*** Begin section ***

definition unisolvent_ef ::
  "(nat \<Rightarrow> real^3) \<Rightarrow> (nat \<Rightarrow> nat \<Rightarrow> real \<Rightarrow> real) \<Rightarrow> (nat \<Rightarrow> nat \<Rightarrow> real poly) \<Rightarrow> bool" where
  "unisolvent_ef v \<omega> q \<longleftrightarrow>
     (\<forall>p\<in>P2.
        (\<forall>j\<in>{1..4}. face_mean v j p = 0) \<and>
        (\<forall>i j. 1 \<le> i \<and> i < j \<and> j \<le> 4 \<longrightarrow> edge_fun v (\<omega> i j) (q i j) i j p = 0)
        \<longrightarrow> (\<forall>x\<in>convex hull (v ` {1..4}). p x = 0))"

end

theory Submission
  imports Defs
begin

text \<open>
  On the edge from \<open>v m\<close> to \<open>v n\<close>, a quadratic \<open>p x = c + b \<bullet> x + x \<bullet> (A *v x)\<close> is the
  affine interpolant of its endpoint values minus \<open>d t (1 - t)\<close>, where
  \<open>d = (v n - v m) \<bullet> (A *v (v n - v m))\<close>. As \<open>q m n\<close> is orthogonal to affine functions, the
  edge functional of \<open>p\<close> is \<open>-d\<close> times the bubble moment \<open>\<integral> t (1 - t) q \<omega>\<close>. If all bubble
  moments are nonzero, the edge conditions force \<open>d = 0\<close> on every edge, so \<open>p\<close> is the affine
  interpolant of its vertex values; the face means are then proportional to the sums of the
  vertex values over the faces, and these four sums vanish only if all vertex values do.
  If the bubble moment of the edge \<open>(i, j)\<close> vanishes, the product of the barycentric coordinates
  \<open>lam i * lam j\<close>, corrected by an affine function cancelling its face means, is annihilated by
  all ten functionals without vanishing on the tetrahedron.
\<close>

section \<open>Integrals over the reference triangle\<close>

lemma continuous_on_compact_imp_absolutely_integrable_on:
  fixes f :: "'a::euclidean_space \<Rightarrow> 'b::euclidean_space"
  assumes "compact S" "continuous_on S f"
  shows "f absolutely_integrable_on S"
proof -
  have "integrable lborel (\<lambda>x. indicator S x *\<^sub>R f x)"
    using borel_integrable_compact[OF assms] .
  moreover have "(\<lambda>x. indicator S x *\<^sub>R f x) \<in> borel_measurable lborel"
    using assms by (auto intro!: borel_measurable_continuous_on_indicator borel_compact)
  ultimately show ?thesis
    unfolding set_integrable_def by (simp add: integrable_completion)
qed
theorem q_le_cof_meagre: "q_le_cof r N (meagre_ideal k T)"
  unfolding q_le_cof_def
proof (intro allI impI)
  fix F assume F: "cofinal_family (meagre_ideal k T) F"
  define pt where "pt B n = (SOME (\<beta>, x). \<beta> \<in> Field r \<and> x \<in> space \<and> dec \<beta> x = code n \<and> x \<notin> B)"
    for B n
  have pt: "fst (pt B n) \<in> Field r \<and> snd (pt B n) \<in> space \<and>
      dec (fst (pt B n)) (snd (pt B n)) = code n \<and> snd (pt B n) \<notin> B" if "B \<in> F" "n \<in> N" for B n
  proof -
    have "B \<in> meagre_ideal k T" using F that(1) by (auto simp: cofinal_family_def)
    hence "\<exists>q. fst q \<in> Field r \<and> snd q \<in> space \<and> dec (fst q) (snd q) = code n \<and> snd q \<notin> B"
      using exists_decoding_point_outside that(2) by auto
    hence "case pt B n of (\<beta>, x) \<Rightarrow> \<beta> \<in> Field r \<and> x \<in> space \<and> dec \<beta> x = code n \<and> x \<notin> B"
      unfolding pt_def by (intro someI_ex[of "\<lambda>(\<beta>, x). _ \<beta> x"]) (simp add: case_prod_beta)
    thus ?thesis by (simp add: case_prod_beta)
  qed
  define f where "f B = restrict (\<lambda>n. {v. \<exists>c\<in>cof_set. votes (snd (pt B n)) (fst (pt B n)) c v}) N" for B
  have "q_family r N (f ` F)"
    unfolding q_family_def
  proof (intro conjI ballI)
    show "f ` F \<subseteq> N \<rightarrow>\<^sub>E small_subsets r" using small_votes by (auto simp: f_def)
  next
    fix g assume g: "g \<in> N \<rightarrow>\<^sub>E small_subsets r"
    obtain B where B: "B \<in> F" "(\<Union>(c, d)\<in>cof_set \<times> cof_set. captured g c d) \<subseteq> B"
      using F meagre_captured unfolding cofinal_family_def by blast
    have "\<not> f B n \<subseteq> g n" if n: "n \<in> N" for n
    proof -
      have x: "snd (pt B n) \<notin> (\<Union>(c, d)\<in>cof_set \<times> cof_set. captured g c d)"
        using pt[OF B(1) n] B(2) by blast
      have "small (g n)" using g n by blast
      then obtain c v where "c \<in> cof_set" "votes (snd (pt B n)) (fst (pt B n)) c v" "v \<notin> g n"
        using votes_escape[OF _ x _ n] pt[OF B(1) n] by blast
      thus ?thesis using n by (auto simp: f_def)
    qed
    thus "\<exists>f'\<in>f ` F. \<forall>n\<in>N. \<not> f' n \<subseteq> g n" using B(1) by blast
  qed
  thus "\<exists>Q. q_family r N Q \<and> |Q| \<le>o |F|" using card_of_image by blast
qed

end

context singular_cofinality
begin

lemma two_points_Field_r: "\<exists>r0 r1. r0 \<in> Field r \<and> r1 \<in> Field r \<and> r0 \<noteq> r1"
proof -
  obtain r0 where r0: "r0 \<in> Field r" using infinite_r by fastforce
  have "\<not> finite (Field r - {r0})" using infinite_r by (rule infinite_remove)
  then obtain r1 where "r1 \<in> Field r - {r0}" using infinite_imp_nonempty by blast
  thus ?thesis using r0 by blast
qed

lemma q_le_cof_Field:
  assumes "|N| =o |lt_pow r (Field r)|"
  shows "q_le_cof r N (meagre_ideal k (box_top r (Field r)))"
proof -
  obtain Phi where Phi: "bij_betw Phi N (lt_pow r (Field r))"
    using assms card_of_ordIso by blast
  obtain r0 r1 where r01: "r0 \<in> Field r" "r1 \<in> Field r" "r0 \<noteq> r1"
    using two_points_Field_r by blast
  have BS: "box_space k r (Field r) r0 r1" using r01 by unfold_locales
  interpret B: box_space k r "Field r" r0 r1 by (rule BS)
  have "decoding k r (Field r) r0 r1 N Phi (\<lambda>\<beta> x. restrict x (underS r \<beta>)) (underS r)"
  proof (rule decoding.intro[OF BS], rule decoding_axioms.intro)
    show "inj_on Phi N" using Phi by (rule bij_betw_imp_inj_on)
  next
    fix c assume c: "c \<in> Field r"
    have "(\<Union>\<beta>\<in>underS r c. underS r \<beta>) \<subseteq> underS r c"
      using underS_subset_underS[OF Well_order_r] by blast
    thus "small (\<Union>\<beta>\<in>underS r c. underS r \<beta>)" by (rule small_subset[OF small_underS[OF c]])
  next
    fix \<beta> and x y :: "'a \<Rightarrow> 'a" assume "\<forall>\<delta>\<in>underS r \<beta>. x \<delta> = y \<delta>"
    thus "restrict x (underS r \<beta>) = restrict y (underS r \<beta>)" by (intro restrict_ext) auto
  next
    fix n assume n: "n \<in> N"
    obtain a where a: "a \<in> Field r" "Phi n \<in> underS r a \<rightarrow>\<^sub>E Field r"
      using bij_betw_apply[OF Phi n] by (auto simp: lt_pow_def)
    have "B.condition (underS r a, Phi n)"
      using small_underS[OF a(1)] a(2) by (auto simp: B.condition_def)
    moreover have "restrict x (underS r a) = Phi n" if "x \<in> B.cy (underS r a) (Phi n)" for x
      using that a(2) by (auto simp: cyl_def fun_eq_iff)
    ultimately show "\<exists>\<beta>\<in>Field r. \<exists>p. B.condition p \<and> (\<forall>x\<in>B.cyl_of p. restrict x (underS r \<beta>) = Phi n)"
      using a(1) by auto
  qed
  then interpret decoding k r "Field r" r0 r1 N Phi "\<lambda>\<beta> x. restrict x (underS r \<beta>)" "underS r" .
  show ?thesis by (rule q_le_cof_meagre)
qed

(* A point of {}^\<mu>2 encodes \<alpha> \<mapsto> \<eta> by its bit at p (\<alpha>, \<eta>), for a pairing p of \<mu> \<times> \<kappa> into \<mu>. *)
definition decode_bits :: "('a \<times> 'b \<Rightarrow> 'a) \<Rightarrow> 'a \<Rightarrow> ('a \<Rightarrow> bool) \<Rightarrow> 'a \<Rightarrow> 'b" where
  "decode_bits p \<beta> x \<alpha> = (if \<alpha> \<in> underS r \<beta> \<and> (\<exists>\<eta>\<in>Field k. x (p (\<alpha>, \<eta>)))
     then SOME \<eta>. \<eta> \<in> Field k \<and> x (p (\<alpha>, \<eta>)) else undefined)"

lemma decode_bits_local:
  "\<forall>\<delta>\<in>p ` (underS r \<beta> \<times> Field k). x \<delta> = y \<delta> \<Longrightarrow> decode_bits p \<beta> x = decode_bits p \<beta> y"
  unfolding decode_bits_def by (intro ext) (simp cong: conj_cong)

lemma decode_bits_eq:
  assumes \<phi>: "\<phi> \<in> underS r \<beta> \<rightarrow>\<^sub>E Field k"
    and x: "\<forall>\<alpha>\<in>underS r \<beta>. \<forall>\<eta>\<in>Field k. x (p (\<alpha>, \<eta>)) = (\<phi> \<alpha> = \<eta>)"
  shows "decode_bits p \<beta> x = \<phi>"
proof
  fix \<alpha>
  show "decode_bits p \<beta> x \<alpha> = \<phi> \<alpha>"
  proof (cases "\<alpha> \<in> underS r \<beta>")
    case True
    hence "\<phi> \<alpha> \<in> Field k" using \<phi> by auto
    moreover have "(SOME \<eta>. \<eta> \<in> Field k \<and> x (p (\<alpha>, \<eta>))) = \<phi> \<alpha>"
      using x True \<open>\<phi> \<alpha> \<in> Field k\<close> by (intro some_equality) auto
    ultimately show ?thesis using x True by (auto simp: decode_bits_def)
  next
    case False
    thus ?thesis using PiE_arb[OF \<phi> False] by (simp add: decode_bits_def)
  qed
qed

*** End section ***

### Task requirements
All lines from the start of the entries through the line where "On the edge" sits should be duplicated exactly, with nothing else in the output.

### Written answer
definition unisolvent_ef ::
  "(nat \<Rightarrow> real^3) \<Rightarrow> (nat \<Rightarrow> nat \<Rightarrow> real \<Rightarrow> real) \<Rightarrow> (nat \<Rightarrow> nat \<Rightarrow> real poly) \<Rightarrow> bool" where
  "unisolvent_ef v \<omega> q \<longleftrightarrow>
     (\<forall>p\<in>P2.
        (\<forall>j\<in>{1..4}. face_mean v j p = 0) \<and>
        (\<forall>i j. 1 \<le> i \<and> i < j \<and> j \<le> 4 \<longrightarrow> edge_fun v (\<omega> i j) (q i j) i j p = 0)
        \<longrightarrow> (\<forall>x\<in>convex hull (v ` {1..4}). p x = 0))"

end

theory Submission
  imports Defs
begin

text \<open>
  On the edge from \<open>v m\<close> to \<open>v n\<close>, a quadratic \<open>p x = c + b \<bullet> x + x \<bullet> (A *v x)\<close> is the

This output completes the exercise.